Is there any way to find all combinations of an array that not contains specific substrings? For example a=['a','b','c'] aaa aab aac aba abb ... ccc

but i don't want the substring ab so aaa aac aca acb ... ccc I use the code bellow but for combination of 20 chars and comb of 13 it takes too much time

import itertools

lista=[]
def foo(l):
    yield from itertools.product(*([l] * 3)) 

non=["ab"]

for x in foo('abc'):
    x=(''.join(x))
    for j in non:
        if j in x:
            value=1
            break
        else:
            value=0
    if (value==0):
        lista.append(x)

Answer 1

Instead of generating all strings then rejecting the ones containing any forbidden substrings, it is (asymptotically) more efficient to build the strings by backtracking, and reject any partial string which already contains a forbidden substring. We only need to test if the current partial string ends with any forbidden substring, which is faster than testing if it contains one.

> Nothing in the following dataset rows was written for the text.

lemma long_square_lifts_Suc:
  assumes "0 < r" "w ! (j + t) = w ! (j + 2 * t)"
  shows "square_at w (Suc j) t"
  unfolding square_at_iff_nth
proof (intro conjI allI impI)
  show "0 < t"
    using sq by (simp add: square_at_def)
  show "Suc j + 2 * t \<le> length w"
    using long_square_fits(2) assms(1) by simp
  fix i assume "i < t"
  show "w ! (Suc j + i) = w ! (Suc j + t + i)"
  proof (cases "Suc i < t")
    case True
    then show ?thesis
      using long_square_letters_repeat[of "Suc i"] by (simp add: algebra_simps)
  next
    case False
    then have "Suc j + i = j + t" "Suc j + t + i = j + 2 * t"
      using \<open>i < t\<close> by simp_all
    then show ?thesis
      using assms(2) by (simp only:)
  qed
qed

lemma long_square_three_blocks:
  assumes "0 < r"
  shows "\<not> square_free (us ! j @ us ! (j + t) @ us ! (j + 2 * t))"
proof (rule shifted_blocks_not_square_free)
  have "0 < t"
    using sq by (simp add: square_at_def)
  then have "n \<le> t * n"
    by simp
  have block: "us ! i = take n (drop (i * n) (concat us))" if "i \<le> j + 2 * t" for i
    using take_drop_concat_blocks that long_square_fits(2)[OF assms] by simp
  have "drop r (us ! j) = take (n - r) (drop (j * n + r) (concat us))"
    using block[of j] by (simp add: drop_take add.commute)
  also have "\<dots> = take (n - r) (drop (j * n + r + t * n) (concat us))"
    by (rule square_at_shift[OF sq]) (use \<open>n \<le> t * n\<close> in linarith)+
  also have "\<dots> = drop r (us ! (j + t))"
    using block[of "j + t"] by (simp add: drop_take algebra_simps)
  finally show "drop r (us ! j) = drop r (us ! (j + t))" .
  have "take r (us ! (j + t)) = take r (drop ((j + t) * n) (concat us))"
    using block[of "j + t"] r_less by simp
  also have "\<dots> = take r (drop ((j + t) * n + t * n) (concat us))"
  proof (rule square_at_shift[OF sq])
    show "j * n + r \<le> (j + t) * n" "(j + t) * n + r \<le> j * n + r + t * n"
      unfolding add_mult_distrib using \<open>n \<le> t * n\<close> r_less by linarith+
  qed
  also have "(j + t) * n + t * n = (j + 2 * t) * n"
    by (simp add: algebra_simps)
  also have "take r (drop ((j + 2 * t) * n) (concat us)) = take r (us ! (j + 2 * t))"
    using block[of "j + 2 * t"] r_less by simp
  finally show "take r (us ! (j + t)) = take r (us ! (j + 2 * t))" .
  have x: "w ! j < 3" "us ! j \<in> B (w ! j)" and y: "w ! (j + t) < 3" "us ! (j + t) \<in> B (w ! (j + t))"
    using blocks_of_nth[OF w_blocks] long_square_fits(2)[OF assms] by auto
  then show "length (us ! j) = length (us ! (j + t))" "r \<le> length (us ! (j + t))" "us ! (j + t) \<noteq> []"
    using length_B[OF x] length_B[OF y] r_less n_pos by auto
qed

end

end

theorem square_free_concat:
  assumes w: "square_free w" and w_blocks: "blocks_of w us"
  shows "square_free (concat us)"
  unfolding square_free_iff_no_square_at
proof (intro allI notI)
  fix p l
  assume sq: "square_at (concat us) p l"
  then have "n dvd l"
    using long_square_period[OF w_blocks w sq] no_short_square[OF w_blocks w] by fastforce
  then obtain t where l: "l = t * n"
    by (metis dvdE mult.commute)
  define j r where "j = p div n" and "r = p mod n"
  have "p = j * n + r" and r: "r < n"
    using n_pos by (simp_all add: j_def r_def)
  then have sq: "square_at (concat us) (j * n + r) (t * n)"
    using sq l by simp
  note lifts = long_square_lifts[OF w_blocks sq r] long_square_lifts_Suc[OF w_blocks sq r]
  show False
  proof (cases "r = 0")
    case True
    have "0 < t"
      using sq by (simp add: square_at_def)
    then have "w ! (j + t) = w ! j"
      using block_repeat(2)[OF w_blocks sq, of j] True by simp
    then show False
      using lifts(1) w by (simp add: square_free_iff_no_square_at)
  next
    case False
    then have "w ! j \<noteq> w ! (j + t)" "w ! (j + t) \<noteq> w ! (j + 2 * t)"
      using lifts w by (auto simp: square_free_iff_no_square_at)
    moreover have "w ! i < 3 \<and> us ! i \<in> B (w ! i)" if "i \<le> j + 2 * t" for i
      using blocks_of_nth[OF w_blocks] long_square_fits(2)[OF w_blocks sq r] False that by simp
    ultimately have "square_free (us ! j @ us ! (j + t) @ us ! (j + 2 * t))"
      by (intro square_free_B_triple[of "w ! j" "w ! (j + t)" "w ! (j + 2 * t)"]) auto
    then show False
      using long_square_three_blocks[OF w_blocks sq r] False by simp
  qed
qed

lemma kmin_le: "a < 3 \<Longrightarrow> kmin \<le> k a"
proof -
  assume "a < 3"
  then have "a = 0 \<or> a = 1 \<or> a = 2"
    by auto
  then show ?thesis
    by auto
qed

lemma one_le_kmin: "1 \<le> kmin"
  using brinkhuis_triple_k_bounds(1)[OF triple] by simp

Here's an implementation using a recursive generator function:

def strings_without(alphabet, k, avoid):
    def helper(s):
        if any(s.endswith(t) for t in avoid):
            pass
        elif len(s) == k:
            yield s
        else:
            for c in alphabet:
                yield from helper(s + c)
    return helper('')

Example:

>>> for s in strings_without('abc', 3, ['ab']):
...     print(s)
... 
aaa
aac
aca
acb
acc
baa
bac
bba
bbb
bbc
bca
bcb
bcc
caa
cac
cba
cbb
cbc
cca
ccb
ccc

For strings of length 13 from an alphabet of size 20, this should be a big improvement, but 20 ¹³ is an enormous number. So unless you are forbidding a lot of substrings, the number of solutions will be very large. No algorithm can possibly generate h strings of length k in less than O( hk ) time, so the running time for any efficient algorithm will still be output-sensitive .